__HOW TO COMPLETE THIS TASK__:
Using the records below, repeat exactly the lines from the one holding "using matrix_inv_inverse(2)[OF \<open>invertible" through the one holding "proof (rule matrix_inv_unique)", both ends included, and no others.

(Stored dataset items)
━━━━

section \<open>Upper bound on the speed of a proper subclass\<close>

lemma idempotent_PiE_eqI:
  assumes "\<rho>1 \<in> I \<rightarrow>\<^sub>E I" "\<rho>2 \<in> I \<rightarrow>\<^sub>E I" "\<forall>x\<in>I. \<rho>1 (\<rho>1 x) = \<rho>1 x" "\<forall>x\<in>I. \<rho>2 (\<rho>2 x) = \<rho>2 x"
    and im: "\<rho>1 ` I = \<rho>2 ` I" and re: "restrict \<rho>1 (I - \<rho>1 ` I) = restrict \<rho>2 (I - \<rho>2 ` I)"
  shows "\<rho>1 = \<rho>2"
proof
  fix x
  consider "x \<notin> I" | "x \<in> \<rho>1 ` I" | "x \<in> I - \<rho>1 ` I"
    by blast
  then show "\<rho>1 x = \<rho>2 x"
  proof cases
    case 1
    then show ?thesis using assms(1,2) by (metis PiE_arb)
  next
    case 2
    moreover from this have "x \<in> \<rho>2 ` I"
      using im by simp
    ultimately show ?thesis
      using assms(3,4) by (auto elim!: imageE)
  next
    case 3
    then show ?thesis using re im by (metis restrict_apply')
  qed
qed

lemma card_idempotent_maps_image_in:
  assumes "finite I" "SS \<subseteq> Pow I"
  shows "card {\<rho> \<in> I \<rightarrow>\<^sub>E I. (\<forall>x\<in>I. \<rho> (\<rho> x) = \<rho> x) \<and> \<rho> ` I \<in> SS}
    \<le> (\<Sum>S\<in>SS. card I ^ (card I - card S))"
    (is "card ?R \<le> _")
proof -
  define \<Psi> where "\<Psi> \<rho> = (\<rho> ` I, restrict \<rho> (I - \<rho> ` I))" for \<rho> :: "'a \<Rightarrow> 'a"
  have inj: "inj_on \<Psi> ?R"
  proof (rule inj_onI)
    fix \<rho>1 \<rho>2 assume "\<rho>1 \<in> ?R" "\<rho>2 \<in> ?R" "\<Psi> \<rho>1 = \<Psi> \<rho>2"
    moreover from \<open>\<Psi> \<rho>1 = \<Psi> \<rho>2\<close> obtain "\<rho>1 ` I = \<rho>2 ` I"
      and "restrict \<rho>1 (I - \<rho>1 ` I) = restrict \<rho>2 (I - \<rho>2 ` I)"
      unfolding \<Psi>_def by (rule Pair_inject)
    ultimately show "\<rho>1 = \<rho>2"
      using idempotent_PiE_eqI[of \<rho>1 I \<rho>2] by blast
  qed
  have image: "\<Psi> ` ?R \<subseteq> Sigma SS (\<lambda>S. (I - S) \<rightarrow>\<^sub>E I)"
  proof (rule image_subsetI)
    fix \<rho> assume "\<rho> \<in> ?R"
    then have \<rho>: "\<rho> \<in> I \<rightarrow>\<^sub>E I" and "\<rho> ` I \<in> SS"
      by auto
    then show "\<Psi> \<rho> \<in> Sigma SS (\<lambda>S. (I - S) \<rightarrow>\<^sub>E I)"
      unfolding \<Psi>_def using PiE_mem[OF \<rho>] by (simp add: restrict_PiE_iff)
  qed
  have "finite SS"
    using finite_subset[OF assms(2)] assms(1) by simp
  have "card ?R = card (\<Psi> ` ?R)"
    using inj by (rule card_image[symmetric])
  also have "\<dots> \<le> card (Sigma SS (\<lambda>S. (I - S) \<rightarrow>\<^sub>E I))"
    using \<open>finite SS\<close> assms(1) image by (intro card_mono finite_SigmaI finite_PiE) auto
  also have "\<dots> = (\<Sum>S\<in>SS. card ((I - S) \<rightarrow>\<^sub>E I))"
    using \<open>finite SS\<close> assms(1) by (intro card_SigmaI) (simp_all add: finite_PiE)
  also have "\<dots> = (\<Sum>S\<in>SS. card I ^ (card I - card S))"
    using assms by (intro sum.cong) (auto simp: card_PiE card_Diff_subset finite_subset)
  finally show ?thesis .
qed

lemma card_idempotent_maps_large_image:
  fixes r :: real
  assumes "n \<ge> 1"
  shows "real (card {\<rho> \<in> {1..n} \<rightarrow>\<^sub>E {1..n}. (\<forall>x\<in>{1..n}. \<rho> (\<rho> x) = \<rho> x) \<and> r \<le> real (card (\<rho> ` {1..n}))})
    \<le> 2 ^ n * real n powr (real n - r)"
    (is "real (card ?R) \<le> _")
proof -
  define SS where "SS = {S \<in> Pow {1..n}. r \<le> real (card S)}"
  have R: "?R = {\<rho> \<in> {1..n} \<rightarrow>\<^sub>E {1..n}. (\<forall>x\<in>{1..n}. \<rho> (\<rho> x) = \<rho> x) \<and> \<rho> ` {1..n} \<in> SS}"
    unfolding SS_def by (auto dest: PiE_mem)
  have "SS \<subseteq> Pow {1..n}"
    unfolding SS_def by blast
  then have "card ?R \<le> (\<Sum>S\<in>SS. n ^ (n - card S))"
    using card_idempotent_maps_image_in[of "{1..n}" SS] unfolding R by simp
  then have "real (card ?R) \<le> real (\<Sum>S\<in>SS. n ^ (n - card S))"
    by (simp only: of_nat_le_iff)
  also have "\<dots> = (\<Sum>S\<in>SS. real n ^ (n - card S))"
    by simp
  also have "\<dots> \<le> (\<Sum>S\<in>SS. real n powr (real n - r))"
  proof (rule sum_mono)
    fix S assume "S \<in> SS"
    then have "card S \<le> n" "r \<le> real (card S)"
      unfolding SS_def using card_mono[of "{1..n}" S] by auto
    then have "real (n - card S) \<le> real n - r"
      by simp
    moreover have "real n ^ (n - card S) = real n powr real (n - card S)"
      by (rule powr_realpow[symmetric]) (use assms in simp)
    ultimately show "real n ^ (n - card S) \<le> real n powr (real n - r)"
      using assms by (simp add: powr_mono)
  qed
  also have "\<dots> \<le> 2 ^ n * real n powr (real n - r)"
  proof -
    have "card SS \<le> card (Pow {1..n})"
      unfolding SS_def by (rule card_mono) auto
    then show ?thesis
      by (simp add: card_Pow mult_right_mono)
  qed
  finally show ?thesis .
qed
(* Let $k\ge 1$, let $A,B_1,\dots,B_k,C_1,\dots,C_k\in\mathbb{C}^{r\times r}$ with $C_i+mI$ invertible for all integers $m\ge 0$ and all $i$, and assume $AB_i=B_iA$, $B_iB_j=B_jB_i$, $C_iC_j=C_jC_i$ for all $i,j\in\{1,\dots,k\}$. Let $n\ge 1$ be an integer and suppose $A+mI$ is invertible for all $m\ge 0$. Then $$F_{\mathcal A}[A+nI]=F_{\mathcal A}+\sum_{i=1}^{k} x_iB_i\Big[\sum_{n_1=1}^{n}F_{\mathcal A}[A+n_1I,\,B_i+I,\,C_i+I]\Big]C_i^{-1}.$$ Furthermore, if $A-n_1I$ is invertible for every $0\le n_1\le n$, then $$F_{\mathcal A}[A-nI]=F_{\mathcal A}-\sum_{i=1}^{k} x_iB_i\Big[\sum_{n_1=0}^{n-1}F_{\mathcal A}[A-n_1I,\,B_i+I,\,C_i+I]\Big]C_i^{-1}.$$
   Context: For $M\in\mathbb{C}^{r\times r}$ the Pochhammer symbol is $(M)_0=I$, $(M)_m=M(M+I)\cdots(M+(m-1)I)$ for $m\ge1$, and $(M)^{-1}_m$ denotes $((M)_m)^{-1}$ (when it exists). The Lauricella matrix function is $$F_{\mathcal A}=F_{\mathcal A}[A,B_1,\dots,B_k;C_1,\dots,C_k;x_1,\dots,x_k]=\sum_{m_1,\dots,m_k\ge0}(A)_{m_1+\cdots+m_k}\prod_{i=1}^k(B_i)_{m_i}\prod_{i=1}^k(C_i)^{-1}_{m_i}\prod_{i=1}^k\frac{x_i^{m_i}}{m_i!},$$ with $x_1,\dots,x_k$ complex (scalar) variables; products of matrices are taken in the written order of increasing $i$. Identities are understood as identities of formal power series in $x_1,\dots,x_k$ with matrix coefficients (hence also wherever the series converge). Notation: $F_{\mathcal A}[A+nI, B_i+I, C_i+I]$ means $F_{\mathcal A}$ with $A$ replaced by $A+nI$, $B_i$ by $B_i+I$, $C_i$ by $C_i+I$, all other parameters and variables unchanged; $F_{\mathcal A}$ alone means the unshifted function. *)

theory Defs
  imports "HOL-Analysis.Analysis"
begin

type_synonym 'r cmat = "complex ^ 'r ^ 'r"

fun mpoch :: "'r::finite cmat \<Rightarrow> nat \<Rightarrow> 'r cmat" where
  "mpoch M 0 = mat 1"
| "mpoch M (Suc m) = mpoch M m ** (M + real m *\<^sub>R mat 1)"

fun oprod :: "(nat \<Rightarrow> 'r::finite cmat) \<Rightarrow> nat \<Rightarrow> 'r cmat" where
  "oprod f 0 = mat 1"
| "oprod f (Suc k) = oprod f k ** f (Suc k)"

text \<open>Formal power series in x_1..x_k with matrix coefficients are represented by
  their coefficient function on multi-indices m :: nat \<Rightarrow> nat supported in {1..k}
  (the coefficient of x_1^(m 1) ... x_k^(m k)); off-support values are 0.\<close>
definition msupp :: "nat \<Rightarrow> (nat \<Rightarrow> nat) \<Rightarrow> bool" where
  "msupp k m \<longleftrightarrow> (\<forall>i. i \<notin> {1..k} \<longrightarrow> m i = 0)"

definition lauricellaA ::
  "nat \<Rightarrow> 'r::finite cmat \<Rightarrow> (nat \<Rightarrow> 'r cmat) \<Rightarrow> (nat \<Rightarrow> 'r cmat) \<Rightarrow> (nat \<Rightarrow> nat) \<Rightarrow> 'r cmat" where
  "lauricellaA k A B C m =
     (if msupp k m then
        (1 / real (\<Prod>i\<in>{1..k}. fact (m i))) *\<^sub>R
          (mpoch A (\<Sum>i\<in>{1..k}. m i) ** oprod (\<lambda>i. mpoch (B i) (m i)) k
             ** oprod (\<lambda>i. matrix_inv (mpoch (C i) (m i))) k)
      else 0)"

text \<open>Multiplication of a series by the variable x_i (coefficient shift).\<close>
definition xmul :: "nat \<Rightarrow> ((nat \<Rightarrow> nat) \<Rightarrow> 'r::finite cmat) \<Rightarrow> (nat \<Rightarrow> nat) \<Rightarrow> 'r cmat" where
  "xmul i S m = (if m i = 0 then 0 else S (m(i := m i - 1)))"

end

theory Submission
  imports Defs
begin

text \<open>
  The identities hold coefficientwise. At a multi-index m with |m| = M, the Pochhammer
  contiguity (A+I)_M - (A)_M = M (A+I)_(M-1) gives F[A+I] - F = (M/m!) (A+I)_(M-1) (B)_m (C)_m^-1.
  Splitting M = m_1 + ... + m_k, the i-th share is the coefficient of x_i B_i F[A+I, B_i+I, C_i+I] C_i^-1,
  because (B_i)_(m_i) = B_i (B_i+I)_(m_i-1) and (C_i)_(m_i)^-1 = (C_i+I)_(m_i-1)^-1 C_i^-1, and the
  commutativity hypotheses let B_i and C_i^-1 travel to the ends of the ordered products.
  Telescoping this contiguous relation over n unit shifts of A gives both formulas.
\<close>

lemma matrix_add_rdistrib:
  fixes A B :: "'a::semiring_1^'n^'m"
  shows "(A + B) ** C = A ** C + B ** C"
  by (vector matrix_matrix_mult_def sum.distrib[symmetric] field_simps)

lemma matrix_diff_ldistrib:
  fixes A :: "'a::ring_1^'n^'m"
  shows "A ** (B - C) = A ** B - A ** C"
  by (vector matrix_matrix_mult_def sum_subtractf[symmetric] field_simps)

lemma matrix_diff_rdistrib:
  fixes A B :: "'a::ring_1^'n^'m"
  shows "(A - B) ** C = A ** C - B ** C"
  by (vector matrix_matrix_mult_def sum_subtractf[symmetric] field_simps)

lemma matrix_sum_ldistrib:
  fixes A :: "'a::semiring_1^'n^'m"
  shows "A ** sum f S = (\<Sum>s\<in>S. A ** f s)"
  by (induction S rule: infinite_finite_induct) (auto simp: matrix_add_ldistrib)

lemma matrix_sum_rdistrib:
  fixes f :: "'b \<Rightarrow> 'a::semiring_1^'n^'m"
  shows "sum f S ** A = (\<Sum>s\<in>S. f s ** A)"
  by (induction S rule: infinite_finite_induct) (auto simp: matrix_add_rdistrib)

lemma scaleR_mat_1_mult:
  fixes A :: "'a::real_algebra_1^'n^'m"
  shows "(c *\<^sub>R mat 1) ** A = c *\<^sub>R A"
  by (metis scalar_matrix_assoc matrix_mul_lid)

lemma mult_scaleR_mat_1:
  fixes A :: "'a::real_algebra_1^'n^'m"
  shows "A ** (c *\<^sub>R mat 1) = c *\<^sub>R A"
  by (metis matrix_scalar_ac matrix_mul_rid)

lemma commute_add_scalar:
  fixes X Y :: "'a::real_algebra_1^'n^'n"
  assumes "X ** Y = Y ** X"
  shows "X ** (Y + c *\<^sub>R mat 1) = (Y + c *\<^sub>R mat 1) ** X"
  using assms
  by (simp add: matrix_add_ldistrib matrix_add_rdistrib scaleR_mat_1_mult mult_scaleR_mat_1)

lemma commute_diff_scalar:
  fixes X Y :: "'a::real_algebra_1^'n^'n"
  assumes "X ** Y = Y ** X"
  shows "X ** (Y - c *\<^sub>R mat 1) = (Y - c *\<^sub>R mat 1) ** X"
  using assms
  by (simp add: matrix_diff_ldistrib matrix_diff_rdistrib scaleR_mat_1_mult mult_scaleR_mat_1)

lemma commute_add_one:
  fixes X Y :: "'a::real_algebra_1^'n^'n"
  assumes "X ** Y = Y ** X"
  shows "X ** (Y + mat 1) = (Y + mat 1) ** X"
  using commute_add_scalar[OF assms, of 1] by simp

lemma matrix_inv_inverse:
  assumes "invertible A"
  shows "A ** matrix_inv A = mat 1" "matrix_inv A ** A = mat 1"
  using someI_ex[OF assms[unfolded invertible_def]] by (simp_all add: matrix_inv_def)

lemma matrix_inv_unique:
  fixes A :: "'a::field^'n^'n"
  assumes "A ** A' = mat 1"
  shows "matrix_inv A = A'"
proof -
  have "invertible A"
    using assms matrix_left_right_inverse unfolding invertible_def by blast
  then have "matrix_inv A = (matrix_inv A ** A) ** A'"
    by (metis assms matrix_mul_assoc matrix_mul_rid)
  then show ?thesis
    using matrix_inv_inverse(2)[OF \<open>invertible A\<close>] by simp
qed

lemma matrix_inv_mult:
  fixes A B :: "'a::field^'n^'n"
  assumes "invertible A" "invertible B"
  shows "matrix_inv (A ** B) = matrix_inv B ** matrix_inv A"
proof (rule matrix_inv_unique)
  have "A ** B ** (matrix_inv B ** matrix_inv A) = A ** (B ** matrix_inv B) ** matrix_inv A"
    by (simp add: matrix_mul_assoc)
  then show "A ** B ** (matrix_inv B ** matrix_inv A) = mat 1"
    using matrix_inv_inverse[OF assms(1)] matrix_inv_inverse[OF assms(2)] by simp
qed
lemma rel_swapD:
  assumes "rel_swap E F R a a' b b'"
  shows "a \<in> E" "a' \<in> E" "b \<in> F" "b' \<in> F" "a \<noteq> a'" "b \<noteq> b'"
    and "R a b" "R a' b'" "\<not> R a b'" "\<not> R a' b"
    and "\<And>x. x \<in> E \<Longrightarrow> x \<noteq> a \<Longrightarrow> x \<noteq> a' \<Longrightarrow> R x b \<longleftrightarrow> R x b'"
    and "\<And>y. y \<in> F \<Longrightarrow> y \<noteq> b \<Longrightarrow> y \<noteq> b' \<Longrightarrow> R a y \<longleftrightarrow> R a' y"
    and "\<And>x y. x \<in> E \<Longrightarrow> y \<in> F \<Longrightarrow> R (transpose a a' x) (transpose b b' y) \<longleftrightarrow> R x y"
proof -
  note parts = assms[unfolded rel_swap_def]
  then have inv: "\<And>x y. x \<in> E \<Longrightarrow> y \<in> F \<Longrightarrow> R (transpose a a' x) (transpose b b' y) \<longleftrightarrow> R x y"
    by blast
  show "a \<in> E" "a' \<in> E" "b \<in> F" "b' \<in> F" "a \<noteq> a'" "b \<noteq> b'" "R a b" "\<not> R a b'"
    using parts by blast+
  with inv[of a b] inv[of a b'] show "R a' b'" "\<not> R a' b" by simp_all
  show "R x b \<longleftrightarrow> R x b'" if "x \<in> E" "x \<noteq> a" "x \<noteq> a'" for x
    using inv[of x b] that \<open>b \<in> F\<close> by simp
  show "R a y \<longleftrightarrow> R a' y" if "y \<in> F" "y \<noteq> b" "y \<noteq> b'" for y
    using inv[of a' y] that \<open>a' \<in> E\<close> by simp
  show "R (transpose a a' x) (transpose b b' y) \<longleftrightarrow> R x y" if "x \<in> E" "y \<in> F" for x y
    using inv that .
qed

lemma rel_swap_commute:
  assumes "rel_swap E F R a a' b b'"
  shows "rel_swap E F R a' a b' b"
  using rel_swapD[OF assms] unfolding rel_swap_def transpose_commute[of a' a] transpose_commute[of b' b]
  by blast

lemma rel_swap_complement: "rel_swap E F R a a' b b' \<longleftrightarrow> rel_swap E F (\<lambda>x y. \<not> R x y) a a' b' b"
  unfolding rel_swap_def transpose_commute[of b' b] by auto

lemma rel_swap_converse:
  assumes "rel_swap E F R a a' b b'"
  shows "rel_swap F E (\<lambda>y x. R x y) b b' a a'"
  using rel_swapD[OF assms] unfolding rel_swap_def by blast

text \<open>Conjugating the second swap by the first one yields the composite swap.\<close>
lemma rel_swap_trans:
  assumes s1: "rel_swap E F R a a1 b b1" and s2: "rel_swap E F R a1 a2 c c2" and "a \<noteq> a2"
  shows "rel_swap E F R a a2 (transpose b b1 c) (transpose b b1 c2)"
proof -
  note S1 = rel_swapD[OF s1] and S2 = rel_swapD[OF s2]
  let ?\<tau> = "transpose b b1"
  have conjE: "transpose a a1 (transpose a1 a2 (transpose a a1 x)) = transpose a a2 x" for x
    using \<open>a \<noteq> a2\<close> S2(5) by (intro transpose_triple) auto
  have conjF: "?\<tau> (transpose c c2 (?\<tau> y)) = transpose (?\<tau> c) (?\<tau> c2) y" for y
    by (auto simp: transpose_def)
  have memE: "\<And>x. x \<in> E \<Longrightarrow> transpose a a1 x \<in> E" "\<And>x. x \<in> E \<Longrightarrow> transpose a1 a2 x \<in> E"
    using S1(1,2) S2(2) by (auto intro: transpose_mem)
  have memF: "\<And>y. y \<in> F \<Longrightarrow> ?\<tau> y \<in> F" "\<And>y. y \<in> F \<Longrightarrow> transpose c c2 y \<in> F"
    using S1(3,4) S2(3,4) by (auto intro: transpose_mem)
  have "R (transpose a a2 x) (transpose (?\<tau> c) (?\<tau> c2) y) \<longleftrightarrow> R x y" if "x \<in> E" "y \<in> F" for x y
    using that memE memF S1(13) S2(13) by (simp flip: conjE conjF)
  moreover have "R a (?\<tau> c)" "\<not> R a (?\<tau> c2)"
    using S1(13)[of a1 c] S1(13)[of a1 c2] S1(2) S2(3,4,7,9) by simp_all
  moreover have "?\<tau> c \<noteq> ?\<tau> c2"
    using S2(6) by (simp add: transpose_eq_iff) (metis transpose_eq_imp_eq)
  ultimately show ?thesis
    unfolding rel_swap_def using S1(1,3,4) S2(2) memF(1)[OF S2(3)] memF(1)[OF S2(4)] \<open>a \<noteq> a2\<close> by blast
qed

━━━━

__ANSWER TO THE EXERCISE__:
    using matrix_inv_inverse(2)[OF \<open>invertible A\<close>] by simp
qed

lemma matrix_inv_mult:
  fixes A B :: "'a::field^'n^'n"
  assumes "invertible A" "invertible B"
  shows "matrix_inv (A ** B) = matrix_inv B ** matrix_inv A"
proof (rule matrix_inv_unique)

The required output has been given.